Demographics—Basic demographic characteristics were assessed via questionnaire at baseline, and included age, sex, and race/ethnicity of the child, and education level for the mother and father (or respective caregiver).

Anthropometry—Patient age, height, and weight were obtained at baseline and follow up by trained medical staff at the primary care office after the removal of shoes and excess patient clothing. BMI was calculated as kg/m2, and age- and sex-specific BMI was calculated as BMI z-scores and percent of the 95th percentile (%BMIp95) using standardized CDC growth curves [28]. %BMIp95 expresses BMI as a percentage of the 95th percentile for a child’s age and sex, such that a child with a BMI at the 95th percentile would have a %BMIp95 =100%. Weight status was categorized as normal weight (%BMI <85th), overweight (%BMI: 85th–<95th), obesity (%BMIp95: 100%–<120%), and severe obesity (%BMIp95: ≥120%).

Child/Family Behaviors—All behavioral assessments were completed at baseline and follow up in order to allow for the evaluation of behavior changes during the intervention. A parent-reported lifestyle questionnaire was used to assess the following child behaviors: moderate- to vigorous-intensity physical activity (MVPA), screen time (including watching television, playing video games, and using cell phones, tablets, and computers), and sleep duration (estimated from typical sleep/wake times). The intensity of MVPA was defined to include activities “where he/she is sweating and breathing hard”. Estimates for MVPA, screen time, and sleep were assessed separately for weekdays and weekends.
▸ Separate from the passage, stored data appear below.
theorem ipd_swap_Schwarz:
  fixes f :: "real^'n \<Rightarrow> real"
  assumes N: "open N" "u \<in> N"
    and ex: "\<And>v. v \<in> N \<Longrightarrow>
               ipd_exists [a] f v \<and> ipd_exists [b] f v \<and> ipd_exists [a, b] f v \<and> ipd_exists [b, a] f v"
    and cont: "continuous_on N (ipd [a, b] f)" "continuous_on N (ipd [b, a] f)"
  shows "ipd [a, b] f u = ipd [b, a] f u"
proof (rule ccontr)
  assume "ipd [a, b] f u \<noteq> ipd [b, a] f u"
  define e where "e = \<bar>ipd [a, b] f u - ipd [b, a] f u\<bar> / 2"
  have e: "0 < e"
    using \<open>ipd [a, b] f u \<noteq> ipd [b, a] f u\<close> by (simp add: e_def)
  obtain h1 where h1: "0 < h1" "\<And>s t c c'. 0 \<le> s \<Longrightarrow> s \<le> h1 \<Longrightarrow> 0 \<le> t \<Longrightarrow> t \<le> h1 \<Longrightarrow>
      u + s *\<^sub>R axis c 1 + t *\<^sub>R axis c' 1 \<in> N \<and>
      dist (ipd [a, b] f (u + s *\<^sub>R axis c 1 + t *\<^sub>R axis c' 1)) (ipd [a, b] f u) < e"
    using continuous_on_near_coordinate_square[OF N cont(1) e] by blast
  obtain h2 where h2: "0 < h2" "\<And>s t c c'. 0 \<le> s \<Longrightarrow> s \<le> h2 \<Longrightarrow> 0 \<le> t \<Longrightarrow> t \<le> h2 \<Longrightarrow>
      u + s *\<^sub>R axis c 1 + t *\<^sub>R axis c' 1 \<in> N \<and>
      dist (ipd [b, a] f (u + s *\<^sub>R axis c 1 + t *\<^sub>R axis c' 1)) (ipd [b, a] f u) < e"
    using continuous_on_near_coordinate_square[OF N cont(2) e] by blast
  define h where "h = min h1 h2"
  have h: "0 < h" "h \<le> h1" "h \<le> h2"
    using h1(1) h2(1) by (auto simp: h_def)
  have "u + s *\<^sub>R axis c 1 + t *\<^sub>R axis c' 1 \<in> N"
    if "0 \<le> s" "s \<le> h" "0 \<le> t" "t \<le> h" for s t c c'
    using h1(2)[of s t c c'] that h(2) by simp
  from mixed_ipds_meet_in_square[OF ex h(1) this]
  obtain s1 t1 s2 t2 where st: "0 < s1" "s1 < h" "0 < t1" "t1 < h" "0 < s2" "s2 < h" "0 < t2" "t2 < h"
    and same: "ipd [b, a] f (u + s1 *\<^sub>R axis a 1 + t1 *\<^sub>R axis b 1)
      = ipd [a, b] f (u + s2 *\<^sub>R axis b 1 + t2 *\<^sub>R axis a 1)"
    by blast
  have "dist (ipd [b, a] f (u + s1 *\<^sub>R axis a 1 + t1 *\<^sub>R axis b 1)) (ipd [b, a] f u) < e"
    using h2(2)[of s1 t1 a b] st h by (simp del: ipd.simps)
  moreover have "dist (ipd [a, b] f (u + s2 *\<^sub>R axis b 1 + t2 *\<^sub>R axis a 1)) (ipd [a, b] f u) < e"
    using h1(2)[of s2 t2 b a] st h by (simp del: ipd.simps)
  ultimately have "\<bar>ipd [a, b] f u - ipd [b, a] f u\<bar> < 2 * e"
    using same by (simp add: dist_real_def del: ipd.simps)
  then show False
    by (simp add: e_def del: ipd.simps)
qed
(* Let $n\ge1$. Then $$\min_{1\le i\le n} s\big([(10)^i0(10)^{n-i}]_2\big)=F_{2n+1}+F_{2n-1}.$$
   Context: Stern's sequence $(a(n))_{n\ge0}$: $a(0)=0$, $a(1)=1$, $a(2n)=a(n)$, $a(2n+1)=a(n)+a(n+1)$; $s(n)=a(n+1)$. For a binary string $x$, $[x]_2$ is the integer it represents in base 2; $x^i$ denotes $i$-fold concatenation ($x^0$ empty). $F_n$ are the Fibonacci numbers ($F_0=0,F_1=1,F_n=F_{n-1}+F_{n-2}$). *)

theory Defs
  imports Main "HOL-Number_Theory.Fib"
begin

function stern :: "nat \<Rightarrow> nat" where
  "stern n = (if n = 0 then 0 else if n = 1 then 1
              else if even n then stern (n div 2)
              else stern (n div 2) + stern (n div 2 + 1))"
  by pat_completeness auto
termination by (relation "measure id") (auto elim!: oddE)

definition stern_s :: "nat \<Rightarrow> nat" where
  "stern_s n = stern (n + 1)"

text \<open>Binary strings as lists of bits, most significant bit first;
  bin_val x is the integer [x]_2.\<close>
fun bin_val_acc :: "nat \<Rightarrow> bool list \<Rightarrow> nat" where
  "bin_val_acc acc [] = acc"
| "bin_val_acc acc (b # bs) = bin_val_acc (2 * acc + (if b then 1 else 0)) bs"

definition bin_val :: "bool list \<Rightarrow> nat" where
  "bin_val x = bin_val_acc 0 x"

definition word_pow :: "bool list \<Rightarrow> nat \<Rightarrow> bool list" where
  "word_pow x i = concat (replicate i x)"

end

theory Submission
  imports Defs
begin

text \<open>Reading a binary word from the most significant bit, the pair
  (a(m), a(m+1)) is updated by (x, y) \<mapsto> (x + y, y) for a 1 and by
  (x, y) \<mapsto> (x, x + y) for a 0.  Hence a block (10) acts by
  (x, y) \<mapsto> (x + y, x + 2y), whose powers are governed by Fibonacci numbers
  of even and odd index.  Evaluating, the word (10)^(j+1) 0 (10)^k yields
  s = F(2j+2) F(2k) + F(2j+4) F(2k+1), and the addition formula for F shows
  that this exceeds F(2n+1) + F(2n-1), n = j+k+1, by F(2j) (F(2k+1) - F(2k)),
  which vanishes for j = 0.\<close>

declare stern.simps [simp del]

lemma stern_0 [simp]: "stern 0 = 0"
  by (simp add: stern.simps)

lemma stern_Suc_0 [simp]: "stern (Suc 0) = 1"
  by (simp add: stern.simps)

lemma stern_double: "stern (2 * n) = stern n"
  by (cases "n = 0") (simp_all add: stern.simps [of "2 * n"])

lemma stern_double_Suc: "stern (Suc (2 * n)) = stern n + stern (Suc n)"
  using stern.simps [of "Suc (2 * n)"] by (cases "n = 0") simp_all

definition stern_step :: "bool \<Rightarrow> nat \<times> nat \<Rightarrow> nat \<times> nat" where
  "stern_step b = (\<lambda>(x, y). if b then (x + y, y) else (x, x + y))"

lemma stern_step_True [simp]: "stern_step True (x, y) = (x + y, y)"
  and stern_step_False [simp]: "stern_step False (x, y) = (x, x + y)"
  by (simp_all add: stern_step_def)

lemma stern_pair_bin_val_acc:
  "(stern (bin_val_acc m bs), stern (Suc (bin_val_acc m bs)))
     = fold stern_step bs (stern m, stern (Suc m))"
proof (induction bs arbitrary: m)
  case Nil
  show ?case by simp
next
  case (Cons b bs)
  have "bin_val_acc m (b # bs) = bin_val_acc (2 * m + of_bool b) bs"
    by simp
  moreover have "stern_step b (stern m, stern (Suc m))
      = (stern (2 * m + of_bool b), stern (Suc (2 * m + of_bool b)))"
    using stern_double [of m] stern_double [of "Suc m"] stern_double_Suc [of m]
    by (cases b) simp_all
  ultimately show ?case
    using Cons.IH [of "2 * m + of_bool b"] by (simp only: fold_simps)
qed

lemma stern_pair_bin_val:
  "(stern (bin_val bs), stern_s (bin_val bs)) = fold stern_step bs (0, 1)"
  using stern_pair_bin_val_acc [of 0 bs] by (simp add: bin_val_def stern_s_def)

lemma word_pow_Suc: "word_pow xs (Suc m) = xs @ word_pow xs m"
  by (simp add: word_pow_def)

lemma word_pow_Suc_right: "word_pow xs (Suc m) = word_pow xs m @ xs"
  by (simp add: word_pow_def replicate_append_same [symmetric])

lemma fib_even_Suc: "fib (2 * Suc m) = fib (2 * m) + fib (2 * m + 1)"
  and fib_odd_Suc: "fib (2 * Suc m + 1) = fib (2 * m) + 2 * fib (2 * m + 1)"
  by (simp_all add: numeral_eq_Suc)

lemma fold_stern_step_word_pow_10_Suc:
  "fold stern_step (word_pow [True, False] (Suc m)) (x, y)
     = fold stern_step (word_pow [True, False] m) (x + y, x + 2 * y)"
  by (simp add: word_pow_Suc mult_2 add.assoc)

lemma fold_stern_step_word_pow_10_from_0_1:
  "fold stern_step (word_pow [True, False] m) (0, 1) = (fib (2 * m), fib (2 * m + 1))"
proof (induction m)
  case 0
  show ?case by (simp add: word_pow_def)
next
  case (Suc m)
  from Suc.IH show ?case
    by (simp add: word_pow_Suc_right fib_even_Suc fib_odd_Suc)
qed

lemma snd_fold_stern_step_word_pow_10:
  "snd (fold stern_step (word_pow [True, False] m) (x, y)) = x * fib (2 * m) + y * fib (2 * m + 1)"
proof (induction m arbitrary: x y)
  case 0
  show ?case by (simp add: word_pow_def)
next
  case (Suc m)
  show ?case
    unfolding fold_stern_step_word_pow_10_Suc Suc.IH fib_even_Suc fib_odd_Suc
    by (simp add: algebra_simps)
qed

lemma stern_s_bin_val_block_word:
  "stern_s (bin_val (word_pow [True, False] i @ [False] @ word_pow [True, False] k))
     = fib (2 * i) * fib (2 * k) + fib (2 * i + 2) * fib (2 * k + 1)"
proof -
  let ?w = "word_pow [True, False] i @ [False] @ word_pow [True, False] k"
  have "fold stern_step (word_pow [True, False] i @ [False]) (0, 1) = (fib (2 * i), fib (2 * i + 2))"
    using fold_stern_step_word_pow_10_from_0_1 [of i] by (simp add: numeral_eq_Suc)
  then have "fold stern_step ?w (0, 1)
      = fold stern_step (word_pow [True, False] k) (fib (2 * i), fib (2 * i + 2))"
    by simp
  then show ?thesis
    using stern_pair_bin_val [of ?w] snd_fold_stern_step_word_pow_10 by (metis snd_conv)
qed

lemma fib_block_identity:
  "fib (2 * j + 2) * fib (2 * k) + fib (2 * j + 4) * fib (2 * k + 1) + fib (2 * j) * fib (2 * k)
     = fib (2 * (j + k) + 3) + fib (2 * (j + k) + 1) + fib (2 * j) * fib (2 * k + 1)"
proof -
  define A B C D where "A = fib (2 * j)" and "B = fib (2 * j + 1)"
    and "C = fib (2 * k)" and "D = fib (2 * k + 1)"
  have j2: "fib (2 * j + 2) = A + B" and j4: "fib (2 * j + 4) = 2 * A + 3 * B"
    by (simp_all add: A_def B_def numeral_eq_Suc)
  have n1: "fib (2 * (j + k) + 1) = D * B + C * A"
    using fib_add [of "2 * j" "2 * k"] by (simp add: A_def B_def C_def D_def algebra_simps)
  have n2: "fib (2 * (j + k) + 2) = D * (A + B) + C * B"
    using fib_add [of "2 * j + 1" "2 * k"]
    by (simp add: A_def B_def C_def D_def numeral_eq_Suc algebra_simps)
  have n3: "fib (2 * (j + k) + 3) = fib (2 * (j + k) + 2) + fib (2 * (j + k) + 1)"
    by (simp add: numeral_eq_Suc)
  show ?thesis
    unfolding n3 n2 n1 j2 j4 A_def [symmetric] C_def [symmetric] D_def [symmetric]
    by (simp add: algebra_simps)
qed

lemma stern_s_bin_val_block_word_ge:
  "fib (2 * (j + k) + 3) + fib (2 * (j + k) + 1)
     \<le> stern_s (bin_val (word_pow [True, False] (Suc j) @ [False] @ word_pow [True, False] k))"
  (is "?F \<le> ?s")
proof -
  have index: "2 * Suc j + 2 = 2 * j + 4" "2 * Suc j = 2 * j + 2" by simp_all
  have "?F + fib (2 * j) * fib (2 * k + 1) = ?s + fib (2 * j) * fib (2 * k)"
    unfolding stern_s_bin_val_block_word index(1) unfolding index(2)
    by (rule fib_block_identity [symmetric])
  also have "\<dots> \<le> ?s + fib (2 * j) * fib (2 * k + 1)"
    by (simp add: fib_Suc_mono)
  finally show ?thesis by simp
qed

lemma stern_s_bin_val_block_word_first:
  "stern_s (bin_val (word_pow [True, False] 1 @ [False] @ word_pow [True, False] k))
     = fib (2 * k + 3) + fib (2 * k + 1)"
  using fib_block_identity [of 0 k] unfolding stern_s_bin_val_block_word by simp

theorem mainTheorem11:
  fixes n :: nat
  assumes "n \<ge> 1"
  shows "Min ((\<lambda>i. stern_s (bin_val (word_pow [True, False] i @ [False] @ word_pow [True, False] (n - i)))) ` {1..n})
         = fib (2 * n + 1) + fib (2 * n - 1)"
proof (rule Min_eqI)
  let ?s = "\<lambda>i. stern_s (bin_val (word_pow [True, False] i @ [False] @ word_pow [True, False] (n - i)))"
  show "finite (?s ` {1..n})" by simp
  show "fib (2 * n + 1) + fib (2 * n - 1) \<le> v" if "v \<in> ?s ` {1..n}" for v
  proof -
    from that obtain i where i: "i \<in> {1..n}" "v = ?s i" by blast
    then obtain j where j: "Suc j \<in> {1..n}" "v = ?s (Suc j)"
      by (cases i) auto
    then have "2 * n + 1 = 2 * (j + (n - Suc j)) + 3" "2 * n - 1 = 2 * (j + (n - Suc j)) + 1"
      by auto
    then show ?thesis
      using j(2) stern_s_bin_val_block_word_ge [of j "n - Suc j"] by (simp only:)
  qed
  have "2 * n + 1 = 2 * (n - 1) + 3" "2 * n - 1 = 2 * (n - 1) + 1"
    using assms by auto
  then have "fib (2 * n + 1) + fib (2 * n - 1) = ?s 1"
    using stern_s_bin_val_block_word_first [of "n - 1"] by (simp only:)
  moreover have "1 \<in> {1..n}"
    using assms by simp
  ultimately show "fib (2 * n + 1) + fib (2 * n - 1) \<in> ?s ` {1..n}"
    by (rule image_eqI)
qed

end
Family Nutrition and Physical Activity (FNPA)—Parents also completed the Family Nutrition and Physical Activity (FNPA) screening tool, a validated survey used to assess obesity-related risk factors in the home environment [29]. The FNPA includes twenty questions covering ten subscales that assess a wide range of child health behaviors, including family meal patterns (eating together and eating breakfast), family eating habits (TV during meals and fast food consumption), food choices (ready-to-eat meals and fruit and vegetable intake), beverage choices (sugary drinks and low-fat milk intake), restriction/reward (monitoring “junk” food and using food as a reward), screen time (TV/video game quantity and limit setting), healthy environment (TV in the bedroom and physical activity opportunities), family physical activity (physical activity encouragement and family participation), child physical activity (physical activity during free time and sports participation), and sleep routine (bedtime routine and sleep quantity). Each of the twenty questions includes four response options (1–4 points), ranging from “almost never” to “almost always”. Six questions are reverse coded in order to reduce social desirability bias, but all items are scored such that higher points represented healthier scores. Thus, total scores for the 20 items range from 20 to 80. Subscales are made up of two questions each, and question scores are combined such that total subscale scores range from 2–8 points. The FNPA has demonstrated predictive validity [30], has differentiated between weight status groups from normal weight through severe obesity [31,32], and seems particularly well-suited to predicting increased adiposity risk in young children [33].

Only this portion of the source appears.